text \<open>The inverse \<open>(b, h)\<close> of an isomorphism \<open>(a, g)\<close> exhibits \<open>a\<close> as a split epimorphism,
  so \<open>a \<in> R\<^sup>-\<close>, and \<open>h\<^sub>*(a)\<close> as a split monomorphism, so \<open>h\<^sub>*(a) \<in> R\<^sup>+\<close>; since both have
  the same domain and codomain, degrees force \<open>a\<close> to be an identity.\<close>
lemma total_iso_imp_ide:
  assumes "cat_iso T (a, g)"
  shows "a \<in> arr \<and> a = ide (dm a) \<and> g \<in> carrier (G (dm a))"
proof -
  obtain f where f: "f \<in> c_arr T" "c_dom T f = cd a" "c_cod T f = dm a"
      "c_comp T f (a, g) = c_id T (dm a)" "c_comp T (a, g) f = c_id T (cd a)"
    and a: "a \<in> arr" "g \<in> carrier (G (dm a))"
    using assms unfolding cat_iso_def by auto
  obtain b h where f_eq: "f = (b, h)" by force
  have b: "b \<in> arr" "h \<in> carrier (G (dm b))" "dm b = cd a" "cd b = dm a"
    using f f_eq by auto
  have g_b: "g \<in> carrier (G (cd b))" and h_a: "h \<in> carrier (G (cd a))"
    using a b by simp_all
  have "a \<in> Rm"
    using retraction_in_Rm_section_in_Rp[OF a(1) act_in_arr[OF b(1) g_b]] f(5) f_eq
      dom_act[OF b(1) g_b] cod_act[OF b(1) g_b] b by simp
  moreover have "act h a \<in> Rp"
    using retraction_in_Rm_section_in_Rp[OF b(1) act_in_arr[OF a(1) h_a]] f(4) f_eq
      dom_act[OF a(1) h_a] cod_act[OF a(1) h_a] b by simp
  ultimately have "a = ide (dm a)"
    using Rm_degree[of a] Rp_degree[of "act h a"] dom_act[OF a(1) h_a] cod_act[OF a(1) h_a]
      ide_if_cod_eq_dom[OF act_in_arr[OF a(1) h_a]] by fastforce
  then show ?thesis using a by simp
qed

lemma total_iso_iff: "cat_iso T (a, g) \<longleftrightarrow> a \<in> arr \<and> a = ide (dm a) \<and> g \<in> carrier (G (dm a))"
  using total_iso_imp_ide total_iso_ide by (metis dom_in_obj)

lemma total_cmp_embed:
  assumes "m \<in> arr" "p \<in> arr" "dm p = cd m" "g \<in> carrier (G (dm m))"
  shows "c_comp T (p, \<one>\<^bsub>G (dm p)\<^esub>) (m, g) = (cmp p m, g)"
proof -
  interpret grp: group "G (dm m)" using group_G assms by simp
  show ?thesis using assms act_one res_one by simp
qed

definition total_lift :: "'m set \<Rightarrow> ('m \<times> 'g) set" where
  "total_lift S = {(a, g). a \<in> S \<and> g \<in> carrier (G (dm a))}"

lemma total_lift_mem [simp]: "(a, g) \<in> total_lift S \<longleftrightarrow> a \<in> S \<and> g \<in> carrier (G (dm a))"
  by (simp add: total_lift_def)

lemma wide_subcat_total_lift:
  assumes S: "wide_subcat R S"
    and act_S: "\<And>a g. a \<in> S \<Longrightarrow> g \<in> carrier (G (cd a)) \<Longrightarrow> act g a \<in> S"
  shows "wide_subcat T (total_lift S)"
  unfolding wide_subcat_def
proof (intro conjI ballI impI)
  show "total_lift S \<subseteq> c_arr T"
    using S by (auto simp: wide_subcat_def total_lift_def)
  fix x assume "x \<in> c_obj T"
  then show "c_id T x \<in> total_lift S"
    using S by (simp add: wide_subcat_def)
next
  fix f g assume "f \<in> total_lift S" "g \<in> total_lift S" "c_dom T g = c_cod T f"
  moreover obtain b y where "f = (b, y)" by force
  moreover obtain a x where "g = (a, x)" by force
  ultimately have f: "f = (b, y)" "b \<in> S" "y \<in> carrier (G (dm b))"
    and g: "g = (a, x)" "a \<in> S" "x \<in> carrier (G (dm a))" and ab: "dm a = cd b"
    by auto
  have arr: "a \<in> arr" "b \<in> arr" and x_b: "x \<in> carrier (G (cd b))"
    using S f g ab by (auto simp: wide_subcat_def)
  have "cmp a (act x b) \<in> S"
    using S act_S[OF f(2) x_b] cod_act[OF arr(2) x_b] g(2) ab by (simp add: wide_subcat_def)
  moreover have "c_comp T g f \<in> c_arr T"
    using total_cmp_in_arr[OF arr(1) g(3) arr(2) f(3) ab] f g by simp
  ultimately show "c_comp T g f \<in> total_lift S"
    using f g by simp
qed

■ What you should do:
Scan the lines above for the word "obtain" and copy every one where it occurs.

■ Result:
  obtain f where f: "f \<in> c_arr T" "c_dom T f = cd a" "c_cod T f = dm a"
  obtain b h where f_eq: "f = (b, h)" by force
  moreover obtain b y where "f = (b, y)" by force
  moreover obtain a x where "g = (a, x)" by force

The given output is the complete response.